The sequence matters enormously. The foundational workup — free T3 in addition to TSH, ferritin not just hemoglobin, high-sensitivity CRP, sleep study if indicated, vitamin D and B12, hormonal evaluation appropriate to life stage, autoimmune antibody panel if indicated — precedes any peptide or supplemental conversation. Not as a formality but because the upstream cause determines whether any downstream intervention can work. Mitochondrial support doesn't restore energy if the reason for mitochondrial impairment is iron deficiency that hasn't been corrected. Growth hormone support doesn't fix fatigue if the primary driver is sleep apnea fragmenting slow-wave architecture every night.
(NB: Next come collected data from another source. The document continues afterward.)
lemma card_tree_vertices_le:
  assumes S: "IT S" and T: "IT T"
    and adm: "admissible (diff_classes S T) (S \<union> T) xs"
    and blocked: "\<forall>y\<in>set xs. blockers (S \<union> T) y \<noteq> {}"
  shows "card (tree_vertices (diff_classes S T) (S \<union> T) xs)
    \<le> 2 * card (tree_classes (diff_classes S T) (S \<union> T) xs)"
proof -
  let ?I = "diff_classes S T" and ?U = "S \<union> T"
  let ?W = "tree_classes ?I ?U xs"
  have UV: "?U \<subseteq> VG"
    using IT_subset[OF S] IT_subset[OF T] by blast
  have "card (tree_vertices ?I ?U xs) \<le> card (?U \<inter> \<Union>?W) + length xs"
    unfolding tree_vertices_def using card_Un_le[of "?U \<inter> \<Union>?W" "set xs"] card_length[of xs]
    by linarith
  moreover have "card (?U \<inter> \<Union>?W) \<le> card ?W + card ?I"
    by (rule card_Un_Int_Union_le[OF S T tree_classes_subset_P[OF diff_classes_subset_P UV]])
  moreover have "card ?I + length xs \<le> card ?W"
    by (rule card_tree_classes[OF adm diff_classes_subset_P UV blocked])
  ultimately show ?thesis
    by linarith
qed

section \<open>Moving two transversals closer\<close>

definition approachable :: "'a set \<Rightarrow> 'a set \<Rightarrow> bool" where
  "approachable S T \<longleftrightarrow> (\<exists>S' T'. IT S' \<and> IT T' \<and> adj\<^sup>*\<^sup>* S S' \<and> adj\<^sup>*\<^sup>* T T'
     \<and> card (S' - T') < card (S - T))"

lemma approachable_commute: "IT S \<Longrightarrow> IT T \<Longrightarrow> approachable T S \<Longrightarrow> approachable S T"
  unfolding approachable_def using card_Diff_IT_commute by metis

lemma approachable_trans:
  assumes "adj\<^sup>*\<^sup>* S S'" "adj\<^sup>*\<^sup>* T T'" "card (S' - T') = card (S - T)" "approachable S' T'"
  shows "approachable S T"
  using assms unfolding approachable_def by (metis rtranclp_trans)

lemma approachable_exchange_one:
  assumes S: "IT S" and T: "IT T" and t: "t \<in> T - S" and free: "\<forall>s\<in>S. \<not> E t s"
  shows "approachable S T"
proof -
  have tV: "t \<in> VG"
    using t IT_subset[OF T] by blast
  have "adj S (exchange t S)"
    using RG_adj_exchange[OF S tV] t free by blast
  moreover have "card (exchange t S - T) < card (S - T)"
    using exchange_Diff[of t T S] t card_Diff_diff_class_less[OF S T class_of_in_diff_classes] tV
    by simp
  ultimately show ?thesis
    unfolding approachable_def using T RG_adj_IT by blast
qed

lemma approachable_if_exchangeable:
  assumes S: "IT S" and T: "IT T"
    and "(\<exists>t\<in>T - S. \<forall>s\<in>S. \<not> E t s) \<or> (\<exists>s\<in>S - T. \<forall>t\<in>T. \<not> E s t)"
  shows "approachable S T"
  using assms(3) approachable_exchange_one[OF S T] approachable_exchange_one[OF T S]
    approachable_commute[OF S T] by blast

lemma approachable_exchange_both:
  assumes S: "IT S" and T: "IT T" and x: "x \<in> VG" "x \<notin> S \<union> T"
    and free: "\<forall>u\<in>S \<union> T. \<not> E x u" and differ: "class_of x \<in> diff_classes S T"
  shows "approachable S T"
proof -
  have "adj S (exchange x S)" "adj T (exchange x T)"
    using RG_adj_exchange[OF S x(1)] RG_adj_exchange[OF T x(1)] x(2) free by blast+
  moreover have "card (exchange x S - exchange x T) < card (S - T)"
    using exchange_Diff_exchange[OF x(1)] card_Diff_diff_class_less[OF S T differ] by simp
  ultimately show ?thesis
    unfolding approachable_def using RG_adj_IT by blast
qed
lemma unit_direction_of_quadratic_decrease:
  fixes L :: "'a::real_normed_vector \<Rightarrow> real"
  assumes "u \<noteq> 0" and "c2 < 0"
    and ray: "\<And>d. 0 < d \<Longrightarrow> d \<le> 1 \<Longrightarrow> L (P + d *\<^sub>R u) - L P = d^2 * c2 + d^3 * c3 + d^4 * c4"
  shows "\<exists>l C. norm l = 1 \<and> C < 0 \<and>
    (\<forall>\<^sub>F \<delta> in at_right 0. L (P + \<delta> *\<^sub>R l) - L P < 0) \<and>
    (\<lambda>\<delta>. L (P + \<delta> *\<^sub>R l) - L P) \<sim>[at_right 0] (\<lambda>\<delta>. C * \<delta>^2)"
proof -
  define N where "N = norm u"
  have "N > 0"
    using \<open>u \<noteq> 0\<close> by (simp add: N_def)
  define l where "l = (1 / N) *\<^sub>R u"
  define C where "C = c2 / N^2"
  have "norm l = 1" and "C < 0"
    using \<open>N > 0\<close> \<open>c2 < 0\<close> by (simp_all add: l_def N_def C_def divide_neg_pos)
  have expansion: "\<forall>\<^sub>F \<delta> in at_right 0.
      \<delta>^2 * C + \<delta>^3 * (c3 / N^3) + \<delta>^4 * (c4 / N^4) = L (P + \<delta> *\<^sub>R l) - L P"
    unfolding eventually_at_right_field
  proof (intro exI[of _ N] conjI allI impI)
    fix \<delta> :: real
    assume "0 < \<delta>" "\<delta> < N"
    then have "L (P + \<delta> *\<^sub>R l) - L P = (\<delta> / N)^2 * c2 + (\<delta> / N)^3 * c3 + (\<delta> / N)^4 * c4"
      using ray[of "\<delta> / N"] by (simp add: l_def)
    then show "\<delta>^2 * C + \<delta>^3 * (c3 / N^3) + \<delta>^4 * (c4 / N^4) = L (P + \<delta> *\<^sub>R l) - L P"
      by (simp add: C_def power_divide)
  qed (use \<open>N > 0\<close> in simp)
  have equiv: "(\<lambda>\<delta>. L (P + \<delta> *\<^sub>R l) - L P) \<sim>[at_right 0] (\<lambda>\<delta>. C * \<delta>^2)"
    by (rule asymp_equiv_transfer[OF asymp_equiv_quartic_leading_quadratic expansion])
      (use \<open>C < 0\<close> in simp_all)
  have "\<forall>\<^sub>F \<delta> in at_right 0. L (P + \<delta> *\<^sub>R l) - L P < 0"
    using asymp_equiv_eventually_neg_iff[OF equiv] eventually_at_right_less[of "0::real"]
    by eventually_elim (use \<open>C < 0\<close> in \<open>simp add: mult_neg_pos\<close>)
  with \<open>norm l = 1\<close> \<open>C < 0\<close> equiv show ?thesis
    by blast
qed

lemma rho_increment_homogeneous:
  assumes "a = 0 \<or> \<bar>b\<bar> < \<bar>a\<bar>" and "0 \<le> t" and "t \<le> 1"
  shows "rho ap am (a + t * b) - rho ap am a = t * (rho ap am (a + b) - rho ap am a)"
proof (cases "a = 0")
  case True
  then show ?thesis
    using assms by (auto simp: rho_def zero_le_mult_iff algebra_simps)
next
  case False
  then have "\<bar>b\<bar> < \<bar>a\<bar>" and "\<bar>t * b\<bar> \<le> \<bar>b\<bar>"
    using assms by (auto simp: abs_mult mult_left_le_one_le)
  then have "a + b \<ge> 0 \<longleftrightarrow> a \<ge> 0" and "a + t * b \<ge> 0 \<longleftrightarrow> a \<ge> 0"
    by linarith+
  then show ?thesis
    by (simp add: rho_def algebra_simps)
qed

lemma mult_nonneg_perturbed:
  fixes h a g :: real
  assumes "0 \<le> h * g" and "\<bar>a\<bar> < \<bar>h\<bar>"
  shows "0 \<le> (h + a) * g"
  using assms by (cases "h > 0") (auto simp: zero_le_mult_iff)

locale one_hidden_layer_net =
  fixes ap am :: real and K :: "'k set" and xs :: "'k \<Rightarrow> real^'d" and ys :: "'k \<Rightarrow> real"
    and P :: "(real^'d^'i) \<times> (real^'i)"
begin

abbreviation "L \<equiv> loss ap am K xs ys"
text \<open>Numeral powers such as \<open>(11/800)^65536\<close> are kept behind local or global
  definitions and only unfolded by plain rewriting: the simplifier would try to evaluate them.\<close>

lemma incubator_prob_ge_large_w:
  assumes "2^34 \<le> w" "6 \<le> r" "(r + 2) * w \<le> n"
  shows "((11/800)^65536)^(r + 2) \<le> incubator_prob n w r s"
proof -
  let ?Y = "super_block_seq w (block_types r)"
  define \<gamma> :: real where "\<gamma> = (11/800)^65536"
  have card: "(\<gamma> * 2^w)^(r + 2) \<le> real (card ?Y)"
    unfolding \<gamma>_def by (rule card_super_block_seq_block_types) (use assms(1) in simp)
  have split: "(\<gamma> * 2^w)^(r + 2) = \<gamma>^(r + 2) * 2^((r + 2) * w)"
    by (metis power_mult power_mult_distrib mult.commute)
  have "\<gamma>^(r + 2) * 2^((r + 2) * w) \<le> real (card ?Y)" using card unfolding split .
  then have "\<gamma>^(r + 2) \<le> real (card ?Y) / 2^((r + 2) * w)"
    by (simp add: pos_le_divide_eq)
  also have "\<dots> \<le> incubator_prob n w r s"
  proof (rule incubator_prob_ge_card_seeds[OF finite_super_block_seq _ assms(3)])
    fix y assume "y \<in> ?Y"
    then show "incubator_seed w r y \<and> length y = (r + 2) * w"
      using incubator_seed_of_super_block_seq[OF _ assms(2,1)] length_super_block_seq[of y w]
      by (simp add: mult.commute)
  qed (use assms in simp_all)
  finally show ?thesis unfolding \<gamma>_def .
qed

definition incubator_rate :: real where
  "incubator_rate = ((11/800)^65536)^2 * (1/2)^(2^35)"

lemma incubator_rate_pos: "0 < incubator_rate"
  unfolding incubator_rate_def by (intro mult_pos_pos zero_less_power) simp_all

lemma incubator_rate_power_le_large_w:
  assumes "2 \<le> r"
  shows "incubator_rate^r \<le> ((11/800)^65536)^(r + 2)"
proof -
  define \<gamma> :: real where "\<gamma> = (11/800)^65536"
  define h :: real where "h = (1/2)^(2^35)"
  have \<gamma>: "0 < \<gamma>" "\<gamma> \<le> 1" unfolding \<gamma>_def
    by (rule zero_less_power, simp) (rule power_le_one, simp_all)
  have h: "0 < h" "h \<le> 1" unfolding h_def
    by (rule zero_less_power, simp) (rule power_le_one, simp_all)
  have "incubator_rate^r \<le> (\<gamma>^2)^r"
    unfolding incubator_rate_def \<gamma>_def[symmetric] h_def[symmetric] using \<gamma> h
    by (intro power_mono) (simp_all add: mult_le_cancel_left1)
  also have "\<dots> \<le> \<gamma>^(r + 2)"
    unfolding power_mult[symmetric] using \<gamma> assms by (intro power_decreasing) simp_all
  finally show ?thesis unfolding \<gamma>_def .
qed
lemma card_fiber_linear_form:
  fixes f :: "'a \<Rightarrow> 'a" and H :: "'a set"
  assumes add: "\<And>x y. f (x + y) = f x + f y"
    and scal: "\<And>k x. k \<in> Fp \<Longrightarrow> f (k * x) = k * f x"
    and val: "\<And>x. f x \<in> Fp"
    and H0: "0 \<in> H" and Hadd: "\<And>x y. x \<in> H \<Longrightarrow> y \<in> H \<Longrightarrow> x + y \<in> H"
    and Hneg: "\<And>x. x \<in> H \<Longrightarrow> - x \<in> H"
    and Hscal: "\<And>k x. k \<in> Fp \<Longrightarrow> x \<in> H \<Longrightarrow> k * x \<in> H"
    and h: "h \<in> H" "f h \<noteq> 0" and t: "t \<in> Fp"
  shows "card {x \<in> H. f x = t} * p = card H"
proof -
  have "f 0 + f 0 = f 0 + 0" using add[of 0 0] by simp
  then have f0: "f 0 = 0" by (simp only: add_left_cancel)
  have fneg: "f (- x) = - f x" for x using add[of x "- x"] f0 by (simp add: add_eq_0_iff)
  have fdiff: "f (x - y) = f x - f y" for x y using add[of x "- y"] fneg[of y] by simp
  define K where "K = {x \<in> H. f x = 0}"
  have fib: "card {x \<in> H. f x = t'} = card K" if t': "t' \<in> Fp" for t'
  proof -
    define a where "a = t' / f h"
    have aF: "a \<in> Fp" unfolding a_def using t' val Fp_divide by blast
    have fa: "f (a * h) = t'" using scal[OF aF] h by (simp add: a_def)
    have ah: "a * h \<in> H" using Hscal[OF aF h(1)] .
    have "bij_betw (\<lambda>x. x + a * h) K {x \<in> H. f x = t'}"
    proof (rule bij_betw_byWitness[where f' = "\<lambda>x. x - a * h"])
      show "(\<lambda>x. x + a * h) ` K \<subseteq> {x \<in> H. f x = t'}"
        using ah fa by (auto simp: K_def add Hadd)
      show "(\<lambda>x. x - a * h) ` {x \<in> H. f x = t'} \<subseteq> K"
        using ah fa Hadd[OF _ Hneg[OF ah]] by (auto simp: K_def fdiff)
    qed auto
    then show ?thesis by (simp add: bij_betw_same_card)
  qed
  have "H = (\<Union>t'\<in>Fp. {x \<in> H. f x = t'})" using val by auto
  then have "card H = card (\<Union>t'\<in>Fp. {x \<in> H. f x = t'})" by (rule arg_cong)
  also have "\<dots> = (\<Sum>t'\<in>Fp. card {x \<in> H. f x = t'})"
    by (rule card_UN_disjoint) auto
  also have "\<dots> = (\<Sum>t'\<in>Fp. card K)" using fib by simp
  also have "\<dots> = p * card K" using card_Fp by simp
  finally show ?thesis using fib[OF t] by simp
qed
text \<open>Minkowski's integral inequality for a finite family, via the weighted Cauchy-Schwarz
  inequality (int w e_n)^2 <= (int w m) (int w e_n^2 / m) and the pointwise bound
  sum_n e_n^2 / m <= m.\<close>

lemma L2_set_integral_le_integral:
  fixes e :: "nat \<Rightarrow> real \<Rightarrow> real" and w m :: "real \<Rightarrow> real"
  assumes cont_w: "continuous_on {r..\<rho>} w" and cont_e: "\<And>n. continuous_on {r..\<rho>} (e n)"
    and cont_m: "continuous_on {r..\<rho>} m"
    and w0: "\<And>t. t \<in> {r..\<rho>} \<Longrightarrow> 0 \<le> w t" and m0: "\<And>t. t \<in> {r..\<rho>} \<Longrightarrow> 0 < m t"
    and e0: "\<And>n t. t \<in> {r..\<rho>} \<Longrightarrow> 0 \<le> e n t"
    and bound: "\<And>t. t \<in> {r..\<rho>} \<Longrightarrow> L2_set (\<lambda>n. e n t) {..<N} \<le> m t"
  shows "L2_set (\<lambda>n. integral {r..\<rho>} (\<lambda>t. w t * e n t)) {..<N} \<le> integral {r..\<rho>} (\<lambda>t. w t * m t)"
proof -
  define I where "I = integral {r..\<rho>} (\<lambda>t. w t * m t)"
  define J where "J n = integral {r..\<rho>} (\<lambda>t. w t * (e n t)\<^sup>2 / m t)" for n
  have int_wm: "(\<lambda>t. w t * m t) integrable_on {r..\<rho>}"
    by (intro integrable_continuous_interval continuous_intros cont_w cont_m)
  have int_we: "(\<lambda>t. w t * e n t) integrable_on {r..\<rho>}" for n
    by (intro integrable_continuous_interval continuous_intros cont_w cont_e)
  have int_wJ: "(\<lambda>t. w t * (e n t)\<^sup>2 / m t) integrable_on {r..\<rho>}" for n
    using m0 by (intro integrable_continuous_interval continuous_intros cont_w cont_e cont_m) force
  have I0: "I \<ge> 0" unfolding I_def
    by (intro integral_nonneg int_wm) (auto intro!: mult_nonneg_nonneg w0 less_imp_le[OF m0])
  have J0: "J n \<ge> 0" for n unfolding J_def
    by (intro integral_nonneg int_wJ) (auto intro!: mult_nonneg_nonneg divide_nonneg_nonneg w0 less_imp_le[OF m0])
  have cauchy_schwarz: "(integral {r..\<rho>} (\<lambda>t. w t * e n t))\<^sup>2 \<le> I * J n" for n
  proof (rule sq_le_mult_if_AM_GM_bound[OF _ I0 J0])
    show "0 \<le> integral {r..\<rho>} (\<lambda>t. w t * e n t)"
      by (intro integral_nonneg int_we) (auto intro!: mult_nonneg_nonneg w0 e0)
    fix l :: real assume l: "l > 0"
    have "integral {r..\<rho>} (\<lambda>t. w t * e n t)
        \<le> integral {r..\<rho>} (\<lambda>t. (l/2) * (w t * m t) + (1/(2*l)) * (w t * (e n t)\<^sup>2 / m t))"
    proof (rule integral_le[OF int_we])
      show "(\<lambda>t. (l/2) * (w t * m t) + (1/(2*l)) * (w t * (e n t)\<^sup>2 / m t)) integrable_on {r..\<rho>}"
        by (intro integrable_add integrable_on_mult_right int_wm int_wJ)
      fix t assume t: "t \<in> {r..\<rho>}"
      have "2 * l * m t * e n t \<le> (l * m t)\<^sup>2 + (e n t)\<^sup>2"
        using sum_squares_ge_zero[of "l * m t - e n t" 0] by (simp add: power2_eq_square algebra_simps)
      then have "e n t \<le> (l/2) * m t + (1/(2*l)) * ((e n t)\<^sup>2 / m t)"
        using m0[OF t] l by (simp add: field_simps power2_eq_square)
      then have "w t * e n t \<le> w t * ((l/2) * m t + (1/(2*l)) * ((e n t)\<^sup>2 / m t))"
        by (intro mult_left_mono w0[OF t])
      then show "w t * e n t \<le> (l/2) * (w t * m t) + (1/(2*l)) * (w t * (e n t)\<^sup>2 / m t)"
        by (simp add: algebra_simps)
    qed
    also have "\<dots> = integral {r..\<rho>} (\<lambda>t. (l/2) * (w t * m t))
        + integral {r..\<rho>} (\<lambda>t. (1/(2*l)) * (w t * (e n t)\<^sup>2 / m t))"
      by (intro integral_add integrable_on_mult_right int_wm int_wJ)
    also have "\<dots> = (l/2) * I + (1/(2*l)) * J n"
      unfolding I_def J_def by (simp only: integral_mult_right)
    finally show "integral {r..\<rho>} (\<lambda>t. w t * e n t) \<le> l * I / 2 + J n / (2 * l)" by simp
  qed
  have sum_J: "(\<Sum>n<N. J n) \<le> I"
  proof -
    have "(\<Sum>n<N. J n) = integral {r..\<rho>} (\<lambda>t. \<Sum>n<N. w t * (e n t)\<^sup>2 / m t)"
      unfolding J_def by (rule integral_sum[symmetric]) (auto intro: int_wJ)
    also have "\<dots> \<le> I"
      unfolding I_def
    proof (rule integral_le)
      show "(\<lambda>t. \<Sum>n<N. w t * (e n t)\<^sup>2 / m t) integrable_on {r..\<rho>}"
        by (intro integrable_sum finite_lessThan int_wJ)
      fix t assume t: "t \<in> {r..\<rho>}"
      have "(\<Sum>n<N. (e n t)\<^sup>2) \<le> (m t)\<^sup>2"
        using bound[OF t] m0[OF t] by (simp add: L2_set_le_iff_sum_le)
      then have "w t / m t * (\<Sum>n<N. (e n t)\<^sup>2) \<le> w t / m t * (m t)\<^sup>2"
        using w0[OF t] m0[OF t] by (intro mult_left_mono) auto
      then show "(\<Sum>n<N. w t * (e n t)\<^sup>2 / m t) \<le> w t * m t"
        using m0[OF t] by (simp add: sum_distrib_left power2_eq_square)
    qed (rule int_wm)
    finally show ?thesis .
  qed
  have "(\<Sum>n<N. (integral {r..\<rho>} (\<lambda>t. w t * e n t))\<^sup>2) \<le> (\<Sum>n<N. I * J n)"
    by (intro sum_mono cauchy_schwarz)
  also have "\<dots> \<le> I * I"
    using sum_J I0 by (simp add: mult_left_mono flip: sum_distrib_left)
  finally show ?thesis
    using I0 unfolding I_def by (simp add: L2_set_le_iff_sum_le power2_eq_square)
qed
lemma analytic_eq_poly_leftwards:
  fixes \<sigma> :: "real \<Rightarrow> real" and P :: "real poly"
  assumes an: "real_analytic_on_R \<sigma>"
    and "0 < r" and eq: "\<And>y. \<bar>y - z\<bar> < r \<Longrightarrow> \<sigma> y = poly P y" and "y \<le> z"
  shows "\<sigma> y = poly P y"
proof (rule ccontr)
  assume "\<sigma> y \<noteq> poly P y"
  \<comment> \<open>[T, z] is the largest interval on which \<sigma> = P; analyticity at T extends it past T\<close>
  define A where "A = {u. u \<le> z \<and> (\<forall>v. u \<le> v \<and> v \<le> z \<longrightarrow> \<sigma> v = poly P v)}"
  have zA: "z - r/2 \<in> A" unfolding A_def using \<open>0 < r\<close> eq by auto
  have "y \<le> u" if "u \<in> A" for u
  proof (rule ccontr)
    assume "\<not> y \<le> u"
    with that \<open>y \<le> z\<close> have "\<sigma> y = poly P y" unfolding A_def by auto
    with \<open>\<sigma> y \<noteq> poly P y\<close> show False ..
  qed
  then have bdd: "bdd_below A" by (rule bdd_belowI)
  define T where "T = Inf A"
  have Tz: "T \<le> z - r/2" unfolding T_def by (rule cInf_lower[OF zA bdd])
  have right: "\<sigma> v = poly P v" if "T < v" "v \<le> z" for v
  proof -
    obtain u where "u \<in> A" "u < v"
      using \<open>T < v\<close> cInf_less_iff[of A v] zA bdd unfolding T_def by blast
    then show ?thesis using that unfolding A_def by auto
  qed
  obtain \<rho> where \<rho>: "0 < \<rho>" "\<And>v. \<bar>v - T\<bar> < \<rho> \<Longrightarrow> \<sigma> v = poly P v"
    using analytic_eq_poly_near_if_eq_right[OF an, of "z - T" T P] Tz \<open>0 < r\<close> right by auto
  have "T - \<rho>/2 \<in> A" unfolding A_def
  proof safe
    show "T - \<rho>/2 \<le> z" using Tz \<open>0 < r\<close> \<rho>(1) by simp
    fix v assume v: "T - \<rho>/2 \<le> v" "v \<le> z"
    show "\<sigma> v = poly P v"
    proof (cases "T < v")
      case False
      with v \<rho>(1) show ?thesis by (intro \<rho>(2)) simp
    qed (use right v in blast)
  qed
  then have "T \<le> T - \<rho>/2" unfolding T_def by (rule cInf_lower[OF _ bdd])
  then show False using \<rho> by simp
qed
Chronic fatigue without a diagnosis is not the same as chronic fatigue without a cause. It usually means the cause hasn't been found yet, or that it's a combination of contributors none of which individually crosses the clinical threshold for a diagnosis. Comprehensive evaluation — by a provider who approaches fatigue as a symptom requiring systematic investigation rather than a complaint requiring reassurance — is the most important thing you can do. The labs that come back normal from your internist are not the full workup. They're the beginning of one.